12 июня 1980 года. Ульянову.
Миша, я смертельно больна… Для очистки совести, а не из страха смерти еду в Киев. Вряд ли мне там смогут помочь: я верю в чудеса, но не для себя.
Мне некому, кроме Вас, поручить моих детей — Олю с Володей [мой первый муж, артист театра Вахтангова Владимир Симонов] — и мою единственную подругу Марину Александровну Пантелееву. Я сама ничем не смогла ей помочь в училище, но без меня ее могут сожрать.
Прошу Вас, не допустите этого. Это Вас не обязывает ни к чему, кроме крайнего случая: не дайте кого-либо из них сожрать и погубить.
Будьте счастливы. Лера.
Письмо это было написано за семь лет до изгнания отца из театра. Что это — предчувствие, что Ульянов вскоре свергнет отца? Желание защитить близких, любимых людей? Или действительно доверительно-доброе отношение к железному председателю, в котором мама видела глубины, сокрытые от отца? Не знаю, было ли это письмо отправлено адресату, или это был крик ее души, страх за близких. О том, что существует письмо к Ульянову, которым я могу воспользоваться, как некой охранной грамотой, мама мне говорила в последние месяцы ее жизни. Копия письма, хранившаяся у меня, никогда не была мною использована и к Ульянову я никогда ни с чем не обращалась. Это было бы немыслимым предательством по отношению к отцу, который иначе как преступником его после переворота не называл.
А вот еще одна удивительная дневниковая запись, сделанная мамой за несколько недель до ее смерти, 20 августа 1980 года: Снилось, что в переулках училища гуляю с М. Ульяновым по черному снегу и мокрым от тающего снега, хлюпающим мостовым. Спокойно и долго гуляем и разговариваем.

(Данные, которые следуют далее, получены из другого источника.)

(* Let $(X_i)_{i\in I}$ be a family of zero-dimensional coherent domains and $F\subseteq\prod_{i\in I}\mathcal V_{\le1}(X_i)\subseteq\prod_{i\in I}\mathcal V(X_i)$ a finite set. Then $\overline{\mathrm{conv}\,F}={\downarrow}\mathrm{conv}\,F$; in particular $b(F)={\downarrow}\mathrm{conv}\,F\cap{\uparrow}\mathrm{conv}\,F$.
   Context: A domain is a continuous dcpo; coherent means the intersection of two compact saturated subsets is compact; zero-dimensional means the Scott topology has a basis of clopens. $\mathcal V(X)$ is the set of continuous valuations on $X$ (strict, monotone, modular maps from Scott-opens to $[0,\infty]$ preserving directed unions), ordered pointwise, with pointwise addition and scaling; $\mathcal V_{\le1}(X)$ those with $\mu(X)\le1$. Products carry the componentwise order and operations. $\mathrm{conv}\,F$ is the set of finite convex combinations of elements of $F$, $\overline{A}$ the Scott closure, ${\downarrow}A$, ${\uparrow}A$ down- and up-closures, and $b(F)=\overline{\mathrm{conv}\,F}\cap{\uparrow}\mathrm{conv}\,F$. *)

theory Defs
  imports "HOL-Analysis.Analysis" "HOL-Library.Extended_Nonnegative_Real"
begin

definition directed :: "'a set \<Rightarrow> ('a \<Rightarrow> 'a \<Rightarrow> bool) \<Rightarrow> 'a set \<Rightarrow> bool" where
  "directed D le S \<longleftrightarrow> S \<subseteq> D \<and> S \<noteq> {} \<and> (\<forall>x\<in>S. \<forall>y\<in>S. \<exists>z\<in>S. le x z \<and> le y z)"

definition is_lub :: "'a set \<Rightarrow> ('a \<Rightarrow> 'a \<Rightarrow> bool) \<Rightarrow> 'a set \<Rightarrow> 'a \<Rightarrow> bool" where
  "is_lub D le S s \<longleftrightarrow> s \<in> D \<and> (\<forall>x\<in>S. le x s) \<and> (\<forall>u\<in>D. (\<forall>x\<in>S. le x u) \<longrightarrow> le s u)"

definition poset_on :: "'a set \<Rightarrow> ('a \<Rightarrow> 'a \<Rightarrow> bool) \<Rightarrow> bool" where
  "poset_on D le \<longleftrightarrow> (\<forall>x\<in>D. le x x) \<and> (\<forall>x\<in>D. \<forall>y\<in>D. le x y \<and> le y x \<longrightarrow> x = y)
     \<and> (\<forall>x\<in>D. \<forall>y\<in>D. \<forall>z\<in>D. le x y \<and> le y z \<longrightarrow> le x z)"

definition dcpo_on :: "'a set \<Rightarrow> ('a \<Rightarrow> 'a \<Rightarrow> bool) \<Rightarrow> bool" where
  "dcpo_on D le \<longleftrightarrow> poset_on D le \<and> (\<forall>S. directed D le S \<longrightarrow> (\<exists>s. is_lub D le S s))"

definition way_below :: "'a set \<Rightarrow> ('a \<Rightarrow> 'a \<Rightarrow> bool) \<Rightarrow> 'a \<Rightarrow> 'a \<Rightarrow> bool" where
  "way_below D le x y \<longleftrightarrow> x \<in> D \<and> y \<in> D \<and>
     (\<forall>S s. directed D le S \<and> is_lub D le S s \<and> le y s \<longrightarrow> (\<exists>z\<in>S. le x z))"

definition domain_on :: "'a set \<Rightarrow> ('a \<Rightarrow> 'a \<Rightarrow> bool) \<Rightarrow> bool" where
  "domain_on D le \<longleftrightarrow> dcpo_on D le \<and>
     (\<forall>x\<in>D. directed D le {y\<in>D. way_below D le y x} \<and> is_lub D le {y\<in>D. way_below D le y x} x)"

definition scott_open :: "'a set \<Rightarrow> ('a \<Rightarrow> 'a \<Rightarrow> bool) \<Rightarrow> 'a set \<Rightarrow> bool" where
  "scott_open D le U \<longleftrightarrow> U \<subseteq> D \<and> (\<forall>x\<in>U. \<forall>y\<in>D. le x y \<longrightarrow> y \<in> U) \<and>
     (\<forall>S s. directed D le S \<and> is_lub D le S s \<and> s \<in> U \<longrightarrow> S \<inter> U \<noteq> {})"

definition scott_closed :: "'a set \<Rightarrow> ('a \<Rightarrow> 'a \<Rightarrow> bool) \<Rightarrow> 'a set \<Rightarrow> bool" where
  "scott_closed D le C \<longleftrightarrow> scott_open D le (D - C) \<and> C \<subseteq> D"

definition scott_closure :: "'a set \<Rightarrow> ('a \<Rightarrow> 'a \<Rightarrow> bool) \<Rightarrow> 'a set \<Rightarrow> 'a set" where
  "scott_closure D le A = \<Inter>{C. scott_closed D le C \<and> A \<subseteq> C}"

definition scott_compact :: "'a set \<Rightarrow> ('a \<Rightarrow> 'a \<Rightarrow> bool) \<Rightarrow> 'a set \<Rightarrow> bool" where
  "scott_compact D le A \<longleftrightarrow> A \<subseteq> D \<and>
     (\<forall>\<U>. (\<forall>U\<in>\<U>. scott_open D le U) \<and> A \<subseteq> \<Union>\<U> \<longrightarrow> (\<exists>\<V>\<subseteq>\<U>. finite \<V> \<and> A \<subseteq> \<Union>\<V>))"

definition scott_saturated :: "'a set \<Rightarrow> ('a \<Rightarrow> 'a \<Rightarrow> bool) \<Rightarrow> 'a set \<Rightarrow> bool" where
  "scott_saturated D le A \<longleftrightarrow> A \<subseteq> D \<and> A = D \<inter> \<Inter>{U. scott_open D le U \<and> A \<subseteq> U}"

definition coherent_on :: "'a set \<Rightarrow> ('a \<Rightarrow> 'a \<Rightarrow> bool) \<Rightarrow> bool" where
  "coherent_on D le \<longleftrightarrow> (\<forall>A B. scott_compact D le A \<and> scott_saturated D le A \<and>
      scott_compact D le B \<and> scott_saturated D le B \<longrightarrow> scott_compact D le (A \<inter> B))"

За несколько месяцев до смерти, в мае 1994 года, отец присылает мне звуковое письмо, которое ясно дает понять, что до последних дней своих он не мог простить Ульянову главного, с его точки зрения, преступления против Театра — забвения прошлого, забвения имен учителей.
Я бережно храню в своем домашнем архиве эти родительские предсмертные мысли о ныне покойном Михаиле Александровиче Ульянове — то ли главном защитнике, то ли главном недруге нашей семьи: “Ты деточка, уж как-нибудь разберись во всем сама — правда ведь у каждого своя”.